We can easily check to which cluster a (new) data point would be assigned:

gm.predict([[0.55,0.35]])
/home/iom/ml/ai-school/venv-ai-school/lib/python3.12/site-packages/sklearn/utils/validation.py:2749: UserWarning: X does not have valid feature names, but GaussianMixture was fitted with feature names
  warnings.warn(
array([3])

Or get the probability to which cluster the (new) data point might belong:

gm.predict_proba([[0.55,0.35]]).round(3)
/home/iom/ml/ai-school/venv-ai-school/lib/python3.12/site-packages/sklearn/utils/validation.py:2749: UserWarning: X does not have valid feature names, but GaussianMixture was fitted with feature names
  warnings.warn(
array([[0.097, 0.   , 0.   , 0.903, 0.   ]])

However, the question arises how the number of clusters can be determined. The silhouette is unsuited due to the ellipsoid shape. You can either use the Bayesian information criterion (BIC) or the Akaike information criterion (AIC). Both approaches rewards models that fit the data well and penalize complexity. They provide often similar results. However, BIC penalize complexity stronger. Thus, AIC tend to more parameters which might result in a better fit.
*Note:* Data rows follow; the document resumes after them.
(* Let $m$ be a probability measure on $\Sigma\times\Sigma\times\mathbb{P}(\mathbb{R}^m)$ which is stationary for the kernel $\bar K$. Then there exists a unique $\eta\in\mathrm{Prob}(\Sigma\times\mathbb{P}(\mathbb{R}^m))$ such that $m=K\ltimes\eta$, that is, for every $\psi\in C(\Sigma\times\Sigma\times\mathbb{P}(\mathbb{R}^m))$, $$\int \psi(\omega_1,\omega_0,\hat v)\,dm(\omega_1,\omega_0,\hat v)=\int\!\!\int \psi(\omega_1,\omega_0,\hat v)\,dK_{\omega_0}(\omega_1)\,d\eta(\omega_0,\hat v).$$ Moreover, $\eta$ is stationary for the kernel $K_A$.
   Context: $\Sigma$ is a compact metric space, $K\colon\Sigma\to\mathrm{Prob}(\Sigma)$ is a continuous (weak* ) uniformly ergodic Markov kernel, i.e. there are $\mu\in\mathrm{Prob}(\Sigma)$, $C<\infty$, $\sigma\in(0,1)$ with $\|K^n_x-\mu\|_{TV}\le C\sigma^n$ for all $x,n$. $A\colon\Sigma\times\Sigma\to\mathrm{GL}_m(\mathbb{R})$ is a measurable fiber map. $\mathbb{P}(\mathbb{R}^m)$ is real projective space; $\hat v$ is the projective point of $v\ne0$ and $\hat A(y,x)\hat v$ is the projective point of $A(y,x)v$. The kernel $\bar K$ on $\Sigma\times\Sigma\times\mathbb{P}(\mathbb{R}^m)$ is $\bar K(\omega_1,\omega_0,\hat v)=K_{\omega_1}\times\delta_{(\omega_1,\hat A(\omega_1,\omega_0)\hat v)}$, i.e. the law of $(\omega_2,\omega_1,\hat A(\omega_1,\omega_0)\hat v)$ with $\omega_2\sim K_{\omega_1}$. The kernel $K_A$ on $\Sigma\times\mathbb{P}(\mathbb{R}^m)$ assigns to $(\omega_0,\hat v)$ the law of $(\omega_1,\hat A(\omega_1,\omega_0)\hat v)$ with $\omega_1\sim K_{\omega_0}$. A probability $\nu$ is stationary for a kernel $P$ if $\nu(E)=\int P(z)(E)\,d\nu(z)$ for all Borel $E$. *)

theory Defs
  imports "HOL-Probability.Probability"
begin

text \<open>A nonzero vector v is sent to the orthogonal projection onto its line,
  v v^T / (v . v).  This map identifies P(R^m) (with its quotient topology)
  homeomorphically with the compact set PRm of matrices below.\<close>

definition proj_pt :: "real^'m \<Rightarrow> real^'m^'m" where
  "proj_pt v = (\<chi> i j. (v $ i * v $ j) / (v \<bullet> v))"

definition PRm :: "(real^'m^'m) set" where
  "PRm = proj_pt ` {v. v \<noteq> 0}"

definition proj_act :: "real^'m^'m \<Rightarrow> real^'m^'m \<Rightarrow> real^'m^'m" where
  "proj_act M P = proj_pt (M *v (SOME v. v \<noteq> 0 \<and> proj_pt v = P))"

definition markov_kernel :: "('a::topological_space \<Rightarrow> 'a measure) \<Rightarrow> bool" where
  "markov_kernel K \<longleftrightarrow> K \<in> borel \<rightarrow>\<^sub>M prob_algebra borel"

definition weak_star_continuous :: "('a::topological_space \<Rightarrow> 'a measure) \<Rightarrow> bool" where
  "weak_star_continuous K \<longleftrightarrow>
     (\<forall>f::'a \<Rightarrow> real. continuous_on UNIV f \<longrightarrow> continuous_on UNIV (\<lambda>x. \<integral>y. f y \<partial>K x))"

fun kpow :: "('a::topological_space \<Rightarrow> 'a measure) \<Rightarrow> nat \<Rightarrow> 'a \<Rightarrow> 'a measure" where
  "kpow K 0 x = return borel x"
| "kpow K (Suc n) x = kpow K n x \<bind> K"

text \<open>Total variation distance (sup over Borel sets; the factor-2 convention is absorbed in C).\<close>
definition tv_dist :: "'a::topological_space measure \<Rightarrow> 'a measure \<Rightarrow> real" where
  "tv_dist M N = (SUP E \<in> sets (borel :: 'a measure). \<bar>measure M E - measure N E\<bar>)"

definition uniformly_ergodic :: "('a::topological_space \<Rightarrow> 'a measure) \<Rightarrow> bool" where
  "uniformly_ergodic K \<longleftrightarrow>
     (\<exists>\<mu> (C::real) (\<sigma>::real). \<mu> \<in> space (prob_algebra borel) \<and> 0 < \<sigma> \<and> \<sigma> < 1 \<and>
        (\<forall>x n. tv_dist (kpow K n x) \<mu> \<le> C * \<sigma> ^ n))"

definition stationary :: "('b \<Rightarrow> 'b measure) \<Rightarrow> 'b measure \<Rightarrow> bool" where
  "stationary P \<nu> \<longleftrightarrow> (\<forall>E \<in> sets \<nu>. emeasure \<nu> E = (\<integral>\<^sup>+ z. emeasure (P z) E \<partial>\<nu>))"

definition Kbar ::
  "('a::topological_space \<Rightarrow> 'a measure) \<Rightarrow> ('a \<Rightarrow> 'a \<Rightarrow> real^'m^'m)
    \<Rightarrow> 'a \<times> 'a \<times> (real^'m^'m) \<Rightarrow> ('a \<times> 'a \<times> (real^'m^'m)) measure" where
  "Kbar K A = (\<lambda>(w1, w0, P). distr (K w1) borel (\<lambda>w2. (w2, w1, proj_act (A w1 w0) P)))"

definition KA ::
  "('a::topological_space \<Rightarrow> 'a measure) \<Rightarrow> ('a \<Rightarrow> 'a \<Rightarrow> real^'m^'m)
    \<Rightarrow> 'a \<times> (real^'m^'m) \<Rightarrow> ('a \<times> (real^'m^'m)) measure" where
  "KA K A = (\<lambda>(w0, P). distr (K w0) borel (\<lambda>w1. (w1, proj_act (A w1 w0) P)))"

end

theory Submission
  imports Defs
begin

text \<open>Write T = fiber_step A, T(w1, w0, P) = (w1, A(w1, w0) P), and G = lift_kernel K,
  G(w0, P) = K_w0 \<times> \<delta>_(w0, P).  Then Kbar = G \<circ> T, while K_A is the push-forward of G by T.
  Stationarity m = m Kbar therefore says m = \<eta> G for \<eta> = T_* m, and \<eta> G is exactly
  K \<ltimes> \<eta>; pushing this identity forward by T gives \<eta> = \<eta> K_A.  Uniqueness holds because
  the law of the last two coordinates under K \<ltimes> \<eta> is \<eta> itself, and a finite Borel
  measure on a metric space is determined by the integrals of bounded continuous functions.\<close>

section \<open>Countable bases and product Borel sets\<close>

lemma compact_UNIV_imp_countable_basis:
  assumes "compact (UNIV :: 'a::metric_space set)"
  shows "\<exists>B::'a set set. countable B \<and> topological_basis B"
proof -
  have "\<forall>n::nat. \<exists>k. finite k \<and> (UNIV::'a set) \<subseteq> (\<Union>x\<in>k. ball x (1/Suc n))"
    using assms unfolding compact_eq_totally_bounded by simp
  then obtain k where k: "\<And>n. finite (k n)" "\<And>n. (UNIV::'a set) \<subseteq> (\<Union>x\<in>k n. ball x (1/Suc n))"
    by metis
  define B where "B = (\<Union>n. (\<lambda>x. ball x (1/Suc n)) ` k n)"
  have "countable B" unfolding B_def
    by (rule countable_UN[of UNIV], simp) (intro countable_image countable_finite k(1))
  moreover have "topological_basis B"
  proof (rule topological_basisI)
    show "open B'" if "B' \<in> B" for B' using that by (auto simp: B_def)
  next
    fix U and x :: 'a assume "open U" "x \<in> U"
    then obtain e where e: "e > 0" "ball x e \<subseteq> U" using open_contains_ball by blast
    obtain n where "inverse (real (Suc n)) < e/2" using reals_Archimedean[of "e/2"] e by auto
    then have n: "1 / real (Suc n) < e/2" by (simp add: field_simps)
    from k(2)[of n] obtain y where y: "y \<in> k n" "x \<in> ball y (1/Suc n)" by blast
    have "ball y (1/Suc n) \<subseteq> ball x e"
    proof
      fix z assume "z \<in> ball y (1/Suc n)"
      then have "dist y z < 1/Suc n" by simp
      moreover have "dist x y < 1/Suc n" using y(2) by (simp add: dist_commute)
      ultimately have "dist x z < e" using dist_triangle[of x z y] n by linarith
      then show "z \<in> ball x e" by simp
    qed
    then show "\<exists>B'\<in>B. x \<in> B' \<and> B' \<subseteq> U"
      using y e unfolding B_def by blast
  qed
  ultimately show ?thesis by blast
qed

lemma countable_basis_prod:
  assumes "\<exists>B::'a::topological_space set set. countable B \<and> topological_basis B"
    and "\<exists>B::'b::topological_space set set. countable B \<and> topological_basis B"
  shows "\<exists>B::('a \<times> 'b) set set. countable B \<and> topological_basis B"
proof -
  obtain Ba :: "'a set set" where "countable Ba" "topological_basis Ba" using assms(1) by blast
  moreover obtain Bb :: "'b set set" where "countable Bb" "topological_basis Bb" using assms(2) by blast
  ultimately show ?thesis
    by (intro exI[of _ "(\<lambda>(a, b). a \<times> b) ` (Ba \<times> Bb)"]) (auto intro: topological_basis_prod)
qed

lemma sets_borel_prod:
  assumes "\<exists>B::'a::topological_space set set. countable B \<and> topological_basis B"
    and "\<exists>B::'b::topological_space set set. countable B \<and> topological_basis B"
  shows "sets (borel :: ('a \<times> 'b) measure) = sets (borel \<Otimes>\<^sub>M borel)"
proof
  obtain Ba :: "'a set set" where Ba: "countable Ba" "topological_basis Ba" using assms(1) by blast
  obtain Bb :: "'b set set" where Bb: "countable Bb" "topological_basis Bb" using assms(2) by blast
  let ?P = "(\<lambda>(a, b). a \<times> b) ` (Ba \<times> Bb)"
  have "countable ?P" "topological_basis ?P" using Ba Bb by (auto intro: topological_basis_prod)
  then have eq: "(borel :: ('a \<times> 'b) measure) = sigma UNIV ?P" by (rule borel_eq_countable_basis)
  have "?P \<subseteq> sets ((borel::'a measure) \<Otimes>\<^sub>M (borel::'b measure))"
    using Ba(2) Bb(2) by (auto intro!: pair_measureI borel_open dest: topological_basis_open)
  moreover have "UNIV \<in> sets ((borel::'a measure) \<Otimes>\<^sub>M (borel::'b measure))"
    using sets.top[of "(borel::'a measure) \<Otimes>\<^sub>M (borel::'b measure)"] by (simp add: space_pair_measure)
  ultimately have "sigma_sets UNIV ?P \<subseteq> sets ((borel::'a measure) \<Otimes>\<^sub>M (borel::'b measure))"
    by (intro sets.sigma_sets_subset')
  then show "sets (borel :: ('a \<times> 'b) measure) \<subseteq> sets (borel \<Otimes>\<^sub>M borel)"
    by (subst eq) simp
next
  have "id \<in> measurable (borel :: ('a \<times> 'b) measure) (borel \<Otimes>\<^sub>M borel)"
    unfolding measurable_pair_iff
    by (auto intro!: borel_measurable_continuous_onI continuous_intros simp: comp_def)
  then show "sets (borel \<Otimes>\<^sub>M borel) \<subseteq> sets (borel :: ('a \<times> 'b) measure)"
    using measurable_sets[of id borel "borel \<Otimes>\<^sub>M borel"] by (fastforce simp: space_pair_measure)
qed

lemma borel_measurable_vec:
  fixes f :: "'x \<Rightarrow> 'b::euclidean_space ^ 'n"
  assumes "\<And>i. (\<lambda>x. f x $ i) \<in> borel_measurable M"
  shows "f \<in> borel_measurable M"
proof -
  have eq: "f = (\<lambda>x. \<Sum>i\<in>UNIV. axis i (f x $ i))"
    by (auto simp: vec_eq_iff sum_component axis_def if_distrib cong: if_cong)
  have axis: "continuous_on UNIV (axis i :: 'b \<Rightarrow> 'b^'n)" for i
  proof (unfold axis_def, rule continuous_on_vec_lambda)
    show "continuous_on UNIV (\<lambda>x. if j = i then x else 0)" for j by (cases "j = i") auto
  qed
  show ?thesis
    by (subst eq, intro borel_measurable_sum borel_measurable_continuous_on[OF axis] assms)
qed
BIC and AIC are accessible as follow:

print("BIC: %0.2f" % gm.bic(X))
print("AIC: %0.2f" % gm.aic(X))
BIC: -16852.03
AIC: -17020.93
gms_per_k = [GaussianMixture(n_components=k, n_init=10, init_params='k-means++', random_state=42).fit(X) for k in range(2, 11)]
bics = [model.bic(X) for model in gms_per_k]
aics = [model.aic(X) for model in gms_per_k]
import matplotlib.pyplot as plt

plt.style.use('seaborn-v0_8')

plt.plot(range(2, 11), bics, "b", label="BIC")
plt.plot(range(2, 11), aics, "r", label="AIC")
plt.xlabel("number of clusters", fontsize=14)
plt.ylabel("BIC/AIC", fontsize=14)
plt.legend(fontsize=16)
plt.tick_params(labelsize=8)

plt.show()
../_images/bb0b69f129000192ff5b4632b7ebc40eac937d7cf38e45e8ed253a9af8dec435.png

The minimum of BIC and AIC is visible at 5 clusters indicating the best model.